2006 Annual Report

The Pacific Coast Branch


The 99th annual meeting of the Pacific Coast Branch, American Historical Association, took place at Stanford University in Palo Alto, California, August 3–5, 2006. The history department of Stanford University sponsored the meeting. Albert Camarillo (Stanford Univ.) served as PCB president in 2006. Becky Nicolaides (Univ. of California at San Diego) and Pedro Castillo (Univ. of California at Santa Cruz) co-chaired the program committee.

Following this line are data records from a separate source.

(* Let $N\in\mathbb{N}$, let $x_1,\dots,x_N\in\mathbb{R}^3$ be distinct points and let $\alpha_1,\dots,\alpha_N\in\mathbb{R}$ satisfy (A1) $\alpha_n>0$ for all $n$, and (A2) $\sum_{m\neq n}\frac{1}{(4\pi\alpha_m)^2|x_m-x_n|^2}<1$. Then for every $z\in\mathbb{C}\setminus[0,+\infty)$ the matrix $\Gamma_N^z$ is invertible, and $\Gamma_N^z$ extends continuously to two (distinct) invertible matrices as $z$ approaches the cut $[0,+\infty)$ from above and from below. Furthermore, $(\Gamma_N^z)^{-1}$ and its boundary extensions admit the absolutely convergent Neumann series representation $$(\Gamma_N^z)^{-1}=\sum_{j=0}^\infty\big[(V_N^z)^{-1}P_N^z\big]^j(V_N^z)^{-1},$$ where $[V_N^z]_{mn}:=(\alpha_n-\frac{i\sqrt z}{4\pi})\delta_{mn}$ and $[P_N^z]_{mn}:=\frac{e^{i\sqrt z|x_m-x_n|}}{4\pi|x_m-x_n|}(1-\delta_{mn})$ (with the corresponding boundary values on the cut).
   Context: For $z\in\mathbb{C}\setminus[0,+\infty)$, $\sqrt{z}$ denotes the branch with $\Im\sqrt z>0$ (on the cut $z=v^2$, $v>0$, the boundary values are $\sqrt z\to v$ from above and $\sqrt z\to-v$ from below). $\Gamma_N^z$ is the $N\times N$ matrix with entries $[\Gamma_N^z]_{mn}=(\alpha_n-\frac{i\sqrt z}{4\pi})\delta_{mn}-\frac{e^{i\sqrt z|x_m-x_n|}}{4\pi|x_m-x_n|}(1-\delta_{mn})$, where the off-diagonal term is understood to vanish for $m=n$. *)

theory Defs
  imports "HOL-Analysis.Analysis"
begin

text \<open>Branch of the square root with positive imaginary part on the complement
of the cut [0,+inf): sqrt z = i * csqrt(-z).\<close>
definition sqrtIm :: "complex \<Rightarrow> complex" where
  "sqrtIm z = \<i> * csqrt (- z)"

text \<open>The matrices as functions of k (= sqrt z, or its boundary value +-v on the cut).\<close>
definition VK :: "('n::finite \<Rightarrow> real) \<Rightarrow> complex \<Rightarrow> complex^'n^'n" where
  "VK \<alpha> k = (\<chi> m n. if m = n then of_real (\<alpha> n) - \<i> * k / (4 * of_real pi) else 0)"

definition PK :: "('n::finite \<Rightarrow> real^3) \<Rightarrow> complex \<Rightarrow> complex^'n^'n" where
  "PK x k = (\<chi> m n. if m = n then 0
     else exp (\<i> * k * of_real (dist (x m) (x n))) / (4 * of_real pi * of_real (dist (x m) (x n))))"

definition GammaK :: "('n::finite \<Rightarrow> real) \<Rightarrow> ('n \<Rightarrow> real^3) \<Rightarrow> complex \<Rightarrow> complex^'n^'n" where
  "GammaK \<alpha> x k = VK \<alpha> k - PK x k"

definition Gamma :: "('n::finite \<Rightarrow> real) \<Rightarrow> ('n \<Rightarrow> real^3) \<Rightarrow> complex \<Rightarrow> complex^'n^'n" where
  "Gamma \<alpha> x z = GammaK \<alpha> x (sqrtIm z)"

definition V :: "('n::finite \<Rightarrow> real) \<Rightarrow> complex \<Rightarrow> complex^'n^'n" where
  "V \<alpha> z = VK \<alpha> (sqrtIm z)"

definition P :: "('n::finite \<Rightarrow> real^3) \<Rightarrow> complex \<Rightarrow> complex^'n^'n" where
  "P x z = PK x (sqrtIm z)"

text \<open>Matrix powers (note: * on vec is componentwise, so we use **).\<close>
primrec mpow :: "'a::comm_ring_1^'n::finite^'n \<Rightarrow> nat \<Rightarrow> 'a^'n^'n" where
  "mpow A 0 = mat 1"
| "mpow A (Suc j) = A ** mpow A j"

definition neumann_term :: "complex^'n::finite^'n \<Rightarrow> complex^'n^'n \<Rightarrow> nat \<Rightarrow> complex^'n^'n" where
  "neumann_term Vm Pm j = mpow (matrix_inv Vm ** Pm) j ** matrix_inv Vm"

definition neumann_rep :: "complex^'n::finite^'n \<Rightarrow> complex^'n^'n \<Rightarrow> complex^'n^'n \<Rightarrow> bool" where
  "neumann_rep G Vm Pm \<longleftrightarrow> invertible G \<and> summable (\<lambda>j. norm (neumann_term Vm Pm j))
     \<and> matrix_inv G = (\<Sum>j. neumann_term Vm Pm j)"

end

David Igler (Univ. of California at Irvine) chaired the nominations committee.

The conference had 239 registered participants. The program featured 50 different sessions, with an especially strong showing in community, urban, and suburban histories, post-World War II histories of the U.S. west, and Mexican history. Susan Groag Bell, senior scholar at the Institute for Research on Women and Gender at Stanford University, addressed the luncheon of the Western Association of Women Historians on the topic, “Christine de Pizan (1364–1430) in Her Study.”

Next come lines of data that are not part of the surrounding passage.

lemma inscribed_imp_unique_horizontal_lift:
  assumes ins: "inscribed a1 a2 c1 c2" and "c1 \<bullet> a1 \<noteq> 0" "c2 \<bullet> a2 \<noteq> 0"
  shows "\<exists>!(A1, b1, A2, b2). in_Q A1 b1 \<and> in_Q A2 b2 \<and>
           proj_eq a1 A1 \<and> proj_eq a2 A2 \<and> proj_eq c1 b1 \<and> proj_eq c2 b2 \<and>
           horizontal_line A1 b1 A2 b2"
proof -
  have nz: "a1 \<noteq> 0" "a2 \<noteq> 0" "c1 \<noteq> 0" "c2 \<noteq> 0" and pa: "\<not> proj_eq a1 a2"
    and pc: "\<not> proj_eq c1 c2"
    using ins unfolding inscribed_def by blast+
  obtain \<alpha> \<beta> where span: "a1 \<times> a2 = \<alpha> *\<^sub>R c1 + \<beta> *\<^sub>R c2"
    and rels: "\<alpha> \<noteq> 0 \<or> \<beta> \<noteq> 0" "\<alpha> * (c1 \<bullet> a1) + \<beta> * (c2 \<bullet> a1) = 0"
      "\<alpha> * (c1 \<bullet> a2) + \<beta> * (c2 \<bullet> a2) = 0"
    using ins by (rule inscribed_imp_cross3_in_span)
  note lift_iff = horizontal_lift_iff[OF nz(3,4) pc span]
  obtain s1 s2 where sol: "- \<alpha> * s1\<^sup>2 * s2 * (c1 \<bullet> a1) = 1 \<and>
      - \<alpha> * s1 * s2\<^sup>2 * (c1 \<bullet> a2) = 1 \<and> \<beta> * s1 * s2\<^sup>2 * (c2 \<bullet> a2) = 1 \<and>
      \<beta> * s1\<^sup>2 * s2 * (c2 \<bullet> a1) = 1"
    and sol_unique: "\<And>t1 t2. - \<alpha> * t1\<^sup>2 * t2 * (c1 \<bullet> a1) = 1 \<and>
      - \<alpha> * t1 * t2\<^sup>2 * (c1 \<bullet> a2) = 1 \<and> \<beta> * t1 * t2\<^sup>2 * (c2 \<bullet> a2) = 1 \<and>
      \<beta> * t1\<^sup>2 * t2 * (c2 \<bullet> a1) = 1 \<Longrightarrow> t1 = s1 \<and> t2 = s2"
    using cubic_system_unique_solution[of \<alpha> "c1 \<bullet> a1" \<beta> "c2 \<bullet> a1" "c1 \<bullet> a2" "c2 \<bullet> a2"] rels assms
    unfolding Ex1_def split_paired_All split_paired_Ex case_prod_conv by blast
  let ?lift = "(s1 *\<^sub>R a1, (- s1 * s2 * \<alpha>) *\<^sub>R c1, s2 *\<^sub>R a2, (s1 * s2 * \<beta>) *\<^sub>R c2)"
  have "s1 \<noteq> 0" "s2 \<noteq> 0" "\<alpha> \<noteq> 0" "\<beta> \<noteq> 0"
    using sol by auto
  have "s1 *\<^sub>R a1 \<noteq> s2 *\<^sub>R a2"
    using scaleR_combination_eq_0_if_not_proj_eq(1)[OF nz(1,2) pa, of s1 "- s2"] \<open>s1 \<noteq> 0\<close>
    by auto
  then have hor: "horizontal_line (s1 *\<^sub>R a1) ((- s1 * s2 * \<alpha>) *\<^sub>R c1) (s2 *\<^sub>R a2) ((s1 * s2 * \<beta>) *\<^sub>R c2)"
    unfolding lift_iff using sol by simp
  have lift: "case ?lift of (A1, b1, A2, b2) \<Rightarrow> in_Q A1 b1 \<and> in_Q A2 b2 \<and>
      proj_eq a1 A1 \<and> proj_eq a2 A2 \<and> proj_eq c1 b1 \<and> proj_eq c2 b2 \<and> horizontal_line A1 b1 A2 b2"
    unfolding prod.case using hor horizontal_line_imp_in_Q[OF hor]
    by (intro conjI proj_eq_scaleR) (simp_all add: nz \<open>s1 \<noteq> 0\<close> \<open>s2 \<noteq> 0\<close> \<open>\<alpha> \<noteq> 0\<close> \<open>\<beta> \<noteq> 0\<close>)
  have "(A1, b1, A2, b2) = ?lift"
    if reps: "proj_eq a1 A1" "proj_eq a2 A2" "proj_eq c1 b1" "proj_eq c2 b2"
      and "horizontal_line A1 b1 A2 b2"
    for A1 b1 A2 b2
  proof -
    obtain t1 t2 u1 u2 where reps_eq:
      "A1 = t1 *\<^sub>R a1" "A2 = t2 *\<^sub>R a2" "b1 = u1 *\<^sub>R c1" "b2 = u2 *\<^sub>R c2"
      using reps unfolding proj_eq_def by metis
    with \<open>horizontal_line A1 b1 A2 b2\<close>
    have "horizontal_line (t1 *\<^sub>R a1) (u1 *\<^sub>R c1) (t2 *\<^sub>R a2) (u2 *\<^sub>R c2)"
      by simp
    then have "u1 = - t1 * t2 * \<alpha>" "u2 = t1 * t2 * \<beta>" "t1 = s1 \<and> t2 = s2"
      using sol_unique unfolding lift_iff by blast+
    with reps_eq show ?thesis
      by simp
  qed
  with lift show ?thesis
    by (intro ex1I[of _ ?lift]) auto
qed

The winners of the various PCB awards and prizes were as follows: the Pacific Coast Branch Book Award went to Julia L. Mickenberg for Learning from the Left: Children’s Literature, the Cold War, and Radical Politics in the United States (Oxford Univ. Press); the Norris and Carol Hundley Award to Steve Estes for I Am a Man: Race, Manhood, and the Civil Rights Movement (Univ. of North Carolina Press); and the W. Turrentine Jackson (Dissertation) Award to Rachel St. John, Stanford University, for “Line in the Sand: The Desert Border Between the United States and Mexico, 1948-1934. The Louis Knott Koontz Memorial Award for the best article published the previous year in the Pacific Historical Review was awarded to Dara Orenstein (Yale Univ.), for “Void for Vagueness: Mexicans and the Collapse of Miscegnation Law in California”; and the W. Turrentine Jackson Prize, for the best article by a graduate student published in the Pacific Historical Review went to Gretchen Heefner, Yale University, for “‘A Symbol of the New Frontier’: Hawaiian Statehood, Anti-Colonialism, and Winning the Cold War.” All Pacific Coast Branch prizes carry with them a cash stipend of $750 and a framed certificate for the recipient.

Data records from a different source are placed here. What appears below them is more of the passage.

(* For each $n$, let $G=(V,E)$ be the complete graph on $V=\{1,\ldots,n\}$ and let $b(\mathbf x)=\sum_{ij\in E}a_{ij}x_ix_j$, where the coefficients $a_{ij}$ are chosen independently and uniformly at random from $\{1,-1\}$. For $\mathbf x=(1/2,1/2,\ldots,1/2)$ we have \[\lim_{n\to\infty}\Pr\left[\operatorname{mcgap}[b](\mathbf x)\geqslant\frac{\sqrt n}{4}\operatorname{chgap}[b](\mathbf x)\right]=1.\]
   Context: Let $G=(V,E)$ be an undirected graph with $V=\{1,\ldots,n\}$; write $ij$ for the edge $\{i,j\}$. A bilinear function is $b:[0,1]^n\to\mathbb R$, $b(\mathbf x)=\sum_{ij\in E}a_{ij}x_ix_j$ with real coefficients $a_{ij}$. Its graph is $B=\{(\mathbf x,z)\in[0,1]^n\times\mathbb R: z=b(\mathbf x)\}$, and $\operatorname{conv}(B)$ is its convex hull. The McCormick polytopes are $P=\{(\mathbf x,\mathbf y)\in[0,1]^n\times[0,1]^{|E|}: y_{ij}\le x_i,\ y_{ij}\le x_j,\ y_{ij}\ge x_i+x_j-1\ \forall ij\in E\}$ and $Q=\{(\mathbf x,z)\in[0,1]^n\times\mathbb R:\exists\mathbf y\in[0,1]^{|E|}\text{ with }(\mathbf x,\mathbf y)\in P,\ z=\sum_{ij\in E}a_{ij}y_{ij}\}$. Define for $\mathbf x\in[0,1]^n$: $\operatorname{cav}[b](\mathbf x)=\max\{z:(\mathbf x,z)\in\operatorname{conv}(B)\}$, $\operatorname{vex}[b](\mathbf x)=\min\{z:(\mathbf x,z)\in\operatorname{conv}(B)\}$, $\operatorname{mcu}[b](\mathbf x)=\max\{z:(\mathbf x,z)\in Q\}$, $\operatorname{mcl}[b](\mathbf x)=\min\{z:(\mathbf x,z)\in Q\}$, the convex hull gap $\operatorname{chgap}[b]=\operatorname{cav}[b]-\operatorname{vex}[b]$ and the McCormick gap $\operatorname{mcgap}[b]=\operatorname{mcu}[b]-\operatorname{mcl}[b]$. *)

theory Defs
  imports "HOL-Analysis.Analysis"
begin

text \<open>Points of [0,1]^n are represented as functions nat => real, supported on {1..n}.
  Edges ij are represented as pairs (i,j) with i < j.\<close>

definition cube :: "nat \<Rightarrow> (nat \<Rightarrow> real) set" where
  "cube n = {x. (\<forall>i\<in>{1..n}. 0 \<le> x i \<and> x i \<le> 1) \<and> (\<forall>i. i \<notin> {1..n} \<longrightarrow> x i = 0)}"

definition complete_edges :: "nat \<Rightarrow> (nat \<times> nat) set" where
  "complete_edges n = {(i,j). 1 \<le> i \<and> i < j \<and> j \<le> n}"

definition bil :: "(nat \<times> nat) set \<Rightarrow> (nat \<times> nat \<Rightarrow> real) \<Rightarrow> (nat \<Rightarrow> real) \<Rightarrow> real" where
  "bil E a x = (\<Sum>(i,j)\<in>E. a (i,j) * x i * x j)"

definition graphB :: "nat \<Rightarrow> (nat \<times> nat) set \<Rightarrow> (nat \<times> nat \<Rightarrow> real) \<Rightarrow> ((nat \<Rightarrow> real) \<times> real) set" where
  "graphB n E a = {(x, bil E a x) | x. x \<in> cube n}"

The president-elect of the PCB for 2008 is David Wrobel (Univ. of Nevada at Las Vegas). Newly elected members of the PCB Council are Samuel Truett (Univ. of New Mexico), Colleen O’Neill (Utah State Univ.), and Beshara Doumani (Univ. of California at Berkeley) while Cheryl Koos (California State Univ. at Los Angeles), Erika Bsumek (Univ. of Texas at Austin), and Jared Orsi (Colorado State Univ.), were elected to be on the Nominating Committee. The PCB is grateful to candidates who, although unsuccessful in the balloting, graciously consented to stand for office. These included Terrence M. Cole (Univ. of Alaska at Fairbanks), Elizabeth Dennison (Univ. of Alaska at Anchorage), David Anthony III (Univ. of California at Santa Cruz), Roxanne Easley (Central Washington Univ.), Mary Ann Villarreal (Univ. of Utah), and Matthew C. Whitaker (Arizona State Univ.).

President-elect 2007 Linda B. Hall, University of New Mexico, announced her committee appointments: Elizabeth Jameson (Univ. of Calgary), to the Jackson (Dissertation) Prize Committee; John M. Hart (Univ. of Houston), to the Norris Award Committee; Jeremy Mouat (Univ.of Alberta), to the PCB Book Award Committee; and Robin Walz (Univ. of Alaska Southeast) as chair of the Nominations Committee.